Extracted records ->
Content starts

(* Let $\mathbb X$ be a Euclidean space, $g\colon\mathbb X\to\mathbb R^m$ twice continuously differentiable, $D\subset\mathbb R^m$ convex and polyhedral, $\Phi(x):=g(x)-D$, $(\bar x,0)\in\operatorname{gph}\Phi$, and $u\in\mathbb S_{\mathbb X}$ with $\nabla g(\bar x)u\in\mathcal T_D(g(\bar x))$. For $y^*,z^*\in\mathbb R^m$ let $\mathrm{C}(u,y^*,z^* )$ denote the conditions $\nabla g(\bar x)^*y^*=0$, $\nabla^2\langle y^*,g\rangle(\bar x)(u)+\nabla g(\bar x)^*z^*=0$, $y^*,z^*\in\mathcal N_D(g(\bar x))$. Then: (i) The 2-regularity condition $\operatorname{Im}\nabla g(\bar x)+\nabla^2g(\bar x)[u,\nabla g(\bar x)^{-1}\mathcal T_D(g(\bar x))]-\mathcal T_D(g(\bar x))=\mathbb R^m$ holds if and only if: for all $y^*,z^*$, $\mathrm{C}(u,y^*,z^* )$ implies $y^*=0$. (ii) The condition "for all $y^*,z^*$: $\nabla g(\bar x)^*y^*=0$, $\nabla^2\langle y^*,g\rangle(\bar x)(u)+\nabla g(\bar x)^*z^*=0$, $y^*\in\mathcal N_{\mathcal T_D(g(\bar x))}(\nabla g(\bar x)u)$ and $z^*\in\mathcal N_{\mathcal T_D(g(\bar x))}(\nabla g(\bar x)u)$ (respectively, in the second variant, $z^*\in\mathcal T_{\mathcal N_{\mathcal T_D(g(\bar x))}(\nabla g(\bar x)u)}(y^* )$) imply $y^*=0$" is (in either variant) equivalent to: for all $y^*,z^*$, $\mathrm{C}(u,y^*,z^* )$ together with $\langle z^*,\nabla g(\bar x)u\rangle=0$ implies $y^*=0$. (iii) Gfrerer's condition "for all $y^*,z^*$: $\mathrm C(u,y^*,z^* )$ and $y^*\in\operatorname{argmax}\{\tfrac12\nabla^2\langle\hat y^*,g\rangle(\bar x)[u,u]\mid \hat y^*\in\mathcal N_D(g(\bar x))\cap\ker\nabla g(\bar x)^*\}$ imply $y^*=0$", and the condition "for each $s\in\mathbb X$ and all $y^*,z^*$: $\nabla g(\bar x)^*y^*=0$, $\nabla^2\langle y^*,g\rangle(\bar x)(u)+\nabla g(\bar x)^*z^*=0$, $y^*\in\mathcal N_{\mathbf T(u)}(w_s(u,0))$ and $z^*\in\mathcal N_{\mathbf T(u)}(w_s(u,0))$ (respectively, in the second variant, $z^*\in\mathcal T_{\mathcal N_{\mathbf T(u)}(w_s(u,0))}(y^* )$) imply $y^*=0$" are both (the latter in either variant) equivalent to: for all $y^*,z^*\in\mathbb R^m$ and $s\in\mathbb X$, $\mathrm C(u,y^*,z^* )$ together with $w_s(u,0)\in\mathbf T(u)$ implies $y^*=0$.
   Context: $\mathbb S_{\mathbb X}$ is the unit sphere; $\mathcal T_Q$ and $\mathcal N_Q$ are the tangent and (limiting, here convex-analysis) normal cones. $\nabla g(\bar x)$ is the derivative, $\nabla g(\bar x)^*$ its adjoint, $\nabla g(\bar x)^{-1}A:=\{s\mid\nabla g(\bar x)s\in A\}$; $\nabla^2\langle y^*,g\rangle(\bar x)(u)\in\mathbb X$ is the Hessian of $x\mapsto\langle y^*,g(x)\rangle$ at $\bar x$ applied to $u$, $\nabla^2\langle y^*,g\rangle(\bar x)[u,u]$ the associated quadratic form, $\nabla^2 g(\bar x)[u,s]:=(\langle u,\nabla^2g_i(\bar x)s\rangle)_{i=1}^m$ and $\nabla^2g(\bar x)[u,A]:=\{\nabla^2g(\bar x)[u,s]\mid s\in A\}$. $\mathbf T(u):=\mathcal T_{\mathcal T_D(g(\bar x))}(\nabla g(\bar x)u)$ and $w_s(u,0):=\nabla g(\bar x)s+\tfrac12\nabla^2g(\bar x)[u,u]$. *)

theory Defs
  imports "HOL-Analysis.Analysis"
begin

Content ends

Directions ->
Write the complete data out, exactly as above.

Output for this exercise ->
(* Let $\mathbb X$ be a Euclidean space, $g\colon\mathbb X\to\mathbb R^m$ twice continuously differentiable, $D\subset\mathbb R^m$ convex and polyhedral, $\Phi(x):=g(x)-D$, $(\bar x,0)\in\operatorname{gph}\Phi$, and $u\in\mathbb S_{\mathbb X}$ with $\nabla g(\bar x)u\in\mathcal T_D(g(\bar x))$. For $y^*,z^*\in\mathbb R^m$ let $\mathrm{C}(u,y^*,z^* )$ denote the conditions $\nabla g(\bar x)^*y^*=0$, $\nabla^2\langle y^*,g\rangle(\bar x)(u)+\nabla g(\bar x)^*z^*=0$, $y^*,z^*\in\mathcal N_D(g(\bar x))$. Then: (i) The 2-regularity condition $\operatorname{Im}\nabla g(\bar x)+\nabla^2g(\bar x)[u,\nabla g(\bar x)^{-1}\mathcal T_D(g(\bar x))]-\mathcal T_D(g(\bar x))=\mathbb R^m$ holds if and only if: for all $y^*,z^*$, $\mathrm{C}(u,y^*,z^* )$ implies $y^*=0$. (ii) The condition "for all $y^*,z^*$: $\nabla g(\bar x)^*y^*=0$, $\nabla^2\langle y^*,g\rangle(\bar x)(u)+\nabla g(\bar x)^*z^*=0$, $y^*\in\mathcal N_{\mathcal T_D(g(\bar x))}(\nabla g(\bar x)u)$ and $z^*\in\mathcal N_{\mathcal T_D(g(\bar x))}(\nabla g(\bar x)u)$ (respectively, in the second variant, $z^*\in\mathcal T_{\mathcal N_{\mathcal T_D(g(\bar x))}(\nabla g(\bar x)u)}(y^* )$) imply $y^*=0$" is (in either variant) equivalent to: for all $y^*,z^*$, $\mathrm{C}(u,y^*,z^* )$ together with $\langle z^*,\nabla g(\bar x)u\rangle=0$ implies $y^*=0$. (iii) Gfrerer's condition "for all $y^*,z^*$: $\mathrm C(u,y^*,z^* )$ and $y^*\in\operatorname{argmax}\{\tfrac12\nabla^2\langle\hat y^*,g\rangle(\bar x)[u,u]\mid \hat y^*\in\mathcal N_D(g(\bar x))\cap\ker\nabla g(\bar x)^*\}$ imply $y^*=0$", and the condition "for each $s\in\mathbb X$ and all $y^*,z^*$: $\nabla g(\bar x)^*y^*=0$, $\nabla^2\langle y^*,g\rangle(\bar x)(u)+\nabla g(\bar x)^*z^*=0$, $y^*\in\mathcal N_{\mathbf T(u)}(w_s(u,0))$ and $z^*\in\mathcal N_{\mathbf T(u)}(w_s(u,0))$ (respectively, in the second variant, $z^*\in\mathcal T_{\mathcal N_{\mathbf T(u)}(w_s(u,0))}(y^* )$) imply $y^*=0$" are both (the latter in either variant) equivalent to: for all $y^*,z^*\in\mathbb R^m$ and $s\in\mathbb X$, $\mathrm C(u,y^*,z^* )$ together with $w_s(u,0)\in\mathbf T(u)$ implies $y^*=0$.
   Context: $\mathbb S_{\mathbb X}$ is the unit sphere; $\mathcal T_Q$ and $\mathcal N_Q$ are the tangent and (limiting, here convex-analysis) normal cones. $\nabla g(\bar x)$ is the derivative, $\nabla g(\bar x)^*$ its adjoint, $\nabla g(\bar x)^{-1}A:=\{s\mid\nabla g(\bar x)s\in A\}$; $\nabla^2\langle y^*,g\rangle(\bar x)(u)\in\mathbb X$ is the Hessian of $x\mapsto\langle y^*,g(x)\rangle$ at $\bar x$ applied to $u$, $\nabla^2\langle y^*,g\rangle(\bar x)[u,u]$ the associated quadratic form, $\nabla^2 g(\bar x)[u,s]:=(\langle u,\nabla^2g_i(\bar x)s\rangle)_{i=1}^m$ and $\nabla^2g(\bar x)[u,A]:=\{\nabla^2g(\bar x)[u,s]\mid s\in A\}$. $\mathbf T(u):=\mathcal T_{\mathcal T_D(g(\bar x))}(\nabla g(\bar x)u)$ and $w_s(u,0):=\nabla g(\bar x)s+\tfrac12\nabla^2g(\bar x)[u,u]$. *)

theory Defs
  imports "HOL-Analysis.Analysis"
begin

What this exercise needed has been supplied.